Taking a random cube for a walk and making it talk

blog
duckdb
udfs
Author

Cody Peterson

Published

September 26, 2024

Synthetic data with Ibis, DuckDB, Python UDFs, and Faker.

To follow along, install the required libraries:

pip install 'ibis-framework[duckdb]' faker plotly

A random cube

We’ll generate a random cube of data with Ibis (default DuckDB backend) and visualize it as a 3D line plot:

Show me the code!
import ibis
import ibis.selectors as s
import plotly.express as px

ibis.options.interactive = True
ibis.options.repr.interactive.max_rows = 5

con = ibis.connect("duckdb://synthetic.ddb")
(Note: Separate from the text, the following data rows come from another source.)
inductive_set visited :: "pt set \<Rightarrow> real \<Rightarrow> real \<Rightarrow> (pt \<times> real) set \<Rightarrow> (pt \<times> real) set"
  for P rho \<delta> G where
  base: "x \<in> G \<Longrightarrow> x \<in> visited P rho \<delta> G"
| child: "(c, r) \<in> visited P rho \<delta> G \<Longrightarrow> splits P rho \<delta> (cell c r) \<Longrightarrow>
          d \<in> {c, c + (r/2, 0), c + (0, r/2), c + (r/2, r/2)} \<Longrightarrow>
          (d, r/2) \<in> visited P rho \<delta> G"

definition grid_cells :: "pt \<Rightarrow> real \<Rightarrow> (pt \<times> pt \<times> pt) set \<Rightarrow> (pt \<times> real) set" where
  "grid_cells z \<Delta> S = {(z + (of_int i * \<Delta>, of_int j * \<Delta>), \<Delta>) | i j.
      \<exists>t\<in>S. cell (z + (of_int i * \<Delta>, of_int j * \<Delta>)) \<Delta> \<inter> triangle t \<noteq> {}}"

definition subdivision :: "pt set \<Rightarrow> (pt \<times> pt \<times> pt) set \<Rightarrow> pt \<Rightarrow> real \<Rightarrow> real \<Rightarrow> real \<Rightarrow> pt set set" where
  "subdivision P S z \<Delta> rho \<delta> =
     {cell c r | c r. (c, r) \<in> visited P rho \<delta> (grid_cells z \<Delta> S) \<and> \<not> splits P rho \<delta> (cell c r)}"

end

theory Submission
  imports Defs
begin

(* A cell of side r that splits has a point p of P with every point of the cell closer to p
   than 4r/delta: the ratio test forces the distance from p to the cell below 2r/delta, and the
   cell has diameter at most 2r. Since the cell is not within rho of p, also rho < 4r/delta.
   All visited cells are cells of the dyadic refinements of the Delta-grid, so on the level of
   side r each point of P accounts for O(1/delta^2) splitting cells, and only the
   O(log (Delta/(rho delta))) levels with r > rho delta/4 contain any. A leaf is either a grid cell
   meeting a triangle (O(m) of them, as each triangle has diameter at most Delta) or a quadrant of
   a splitting cell. Finally, total area 1 forces m Delta^2 >= 2, which bounds that logarithm by
   O(ln (nm Delta/delta)) for rho = delta/sqrt(nm). *)

section \<open>Area of a triangle\<close>

(* content_triangle is stated for real^2 only, so the area of a triangle in real * real is
   computed by transporting Lebesgue measure along the coordinate isomorphism. *)
definition vec_of_pt :: "pt \<Rightarrow> real^2" where
  "vec_of_pt x = vector [fst x, snd x]"

definition pt_of_vec :: "real^2 \<Rightarrow> pt" where
  "pt_of_vec v = (v$1, v$2)"

lemma pt_of_vec_of_pt [simp]: "pt_of_vec (vec_of_pt x) = x"
  by (simp add: pt_of_vec_def vec_of_pt_def)

lemma vec_of_pt_of_vec [simp]: "vec_of_pt (pt_of_vec v) = v"
  by (simp add: pt_of_vec_def vec_of_pt_def vec_eq_iff forall_2)

lemma linear_vec_of_pt: "linear vec_of_pt"
  by (rule linearI) (auto simp: vec_of_pt_def vec_eq_iff forall_2)

lemma pt_of_vec_measurable [measurable]: "pt_of_vec \<in> borel_measurable borel"
  unfolding pt_of_vec_def by (intro borel_measurable_continuous_onI continuous_intros)

lemma lborel_pt_eq_distr: "(lborel :: pt measure) = distr lborel borel pt_of_vec"
proof (rule lborel_eqI)
  fix l u :: pt
  assume le: "\<And>b. b \<in> Basis \<Longrightarrow> l \<bullet> b \<le> u \<bullet> b"
  obtain l1 l2 u1 u2 where lu: "l = (l1, l2)" "u = (u1, u2)" by (cases l, cases u)
  have "l1 \<le> u1" "l2 \<le> u2"
    using le[of "(1, 0)"] le[of "(0, 1)"] by (auto simp: lu Basis_prod_def)
  have "pt_of_vec -` box l u = box (vec_of_pt l) (vec_of_pt u)"
    by (auto simp: lu mem_box_cart pt_of_vec_def vec_of_pt_def mem_box Basis_prod_def forall_2)
  then have "emeasure (distr lborel borel pt_of_vec) (box l u)
      = emeasure lborel (box (vec_of_pt l) (vec_of_pt u))"
    by (simp add: emeasure_distr)
  also have "\<dots> = ennreal ((u1 - l1) * (u2 - l2))"
  proof -
    have Basis: "(Basis :: (real^2) set) = {axis 1 1, axis 2 1}"
      by (auto simp: Basis_vec_def) (metis exhaust_2)
    show ?thesis
      using \<open>l1 \<le> u1\<close> \<open>l2 \<le> u2\<close>
      by (simp add: emeasure_lborel_box_eq Basis axis_eq_axis lu vec_of_pt_def inner_axis)
  qed
  also have "(u1 - l1) * (u2 - l2) = (\<Prod>b\<in>Basis. (u - l) \<bullet> b)"
    by (simp add: Basis_prod_def lu prod.union_disjoint)
  finally show "emeasure (distr lborel borel pt_of_vec) (box l u) = (\<Prod>b\<in>Basis. (u - l) \<bullet> b)" .
qed simp

lemma tri_area_eq:
  "tri_area (a, b, c) =
     \<bar>(fst c - fst a) * (snd b - snd a) - (fst b - fst a) * (snd c - snd a)\<bar> / 2"
proof -
  let ?T = "convex hull {a, b, c}"
  have "?T \<in> sets borel"
    by (intro borel_compact finite_imp_compact_convex_hull) auto
  have "tri_area (a, b, c) = measure (distr lborel borel pt_of_vec) ?T"
    by (simp add: tri_area_def triangle_def flip: lborel_pt_eq_distr)
  also have "\<dots> = measure lborel (pt_of_vec -` ?T)"
    using \<open>?T \<in> sets borel\<close> by (simp add: measure_distr)
  also have "pt_of_vec -` ?T = vec_of_pt ` ?T"
    by (auto simp: image_iff) (metis vec_of_pt_of_vec)
  also have "\<dots> = convex hull {vec_of_pt a, vec_of_pt b, vec_of_pt c}"
    by (simp add: convex_hull_linear_image linear_vec_of_pt)
  finally show ?thesis
    by (simp add: content_triangle vec_of_pt_def)
qed

lemma abs_cross_le_norm_mult:
  fixes u v :: pt
  shows "\<bar>fst u * snd v - snd u * fst v\<bar> \<le> norm u * norm v"
proof (rule power2_le_imp_le)
  have "(norm u * norm v)\<^sup>2 = (fst u * snd v - snd u * fst v)\<^sup>2 + (u \<bullet> v)\<^sup>2"
    by (cases u, cases v) (simp add: power_mult_distrib norm_Pair power2_eq_square algebra_simps)
  then show "\<bar>fst u * snd v - snd u * fst v\<bar>\<^sup>2 \<le> (norm u * norm v)\<^sup>2"
    by simp
qed simp

lemma tri_area_le: "tri_area (a, b, c) \<le> dist a b * dist a c / 2"
  using abs_cross_le_norm_mult[of "c - a" "b - a"]
  by (simp add: tri_area_eq dist_norm norm_minus_commute mult.commute)

lemma tri_area_le_longest_edge:
  assumes "\<forall>e\<in>edge_lengths t. e \<le> D"
  shows "tri_area t \<le> D\<^sup>2 / 2"
proof -
  obtain a b c where t: "t = (a, b, c)" by (cases t)
  have "dist a b \<le> D" "dist a c \<le> D"
    using assms by (auto simp: t edge_lengths_def dist_commute)
  then have "dist a b * dist a c \<le> D * D"
    by (intro mult_mono) (auto intro: order_trans[OF zero_le_dist])
  then show ?thesis
    using tri_area_le[of a b c] by (simp add: t power2_eq_square)
qed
if "source" in con.list_tables():
    t = con.table("source")
else:
    lookback = ibis.interval(days=1)
    step = ibis.interval(seconds=1)

    t = (
        (
            ibis.range(
                ibis.now() - lookback,
                ibis.now(),
                step=step,
            )
            .unnest()
            .name("timestamp")
            .as_table()
        )
        .mutate(
            index=(ibis.row_number().over(order_by="timestamp")),
            **{col: 2 * (ibis.random() - 0.5) for col in ["a", "b", "c"]},
        )
        .mutate(color=ibis._["index"].histogram(nbins=8))
        .drop("index")
        .relocate("timestamp", "color")
        .order_by("timestamp")
    )

    t = con.create_table("source", t.to_pyarrow())

c = px.line_3d(
    t,
    x="a",
    y="b",
    z="c",
    color="color",
    hover_data=["timestamp"],
)
c
1
Import the necessary libraries.
2
Enable interactive mode for Ibis.
3
Connect to an on-disk DuckDB database.
4
Load the table if it already exists.
5
Define the time range and step for the data.
6
Create the array of timestamps.
7
Unnest the array to a column.
8
Name the column “timestamp”.
9
Convert the column into a table.
10
Create a monotonically increasing index column.
11
Create three columns of random numbers.
12
Create a color column based on the index (help visualize the time series).
13
Drop the index column.
14
Rearrange the columns.
15
Order the table by timestamp.
16
Store the table in the on-disk database.
17
Create a 3D line plot of the data.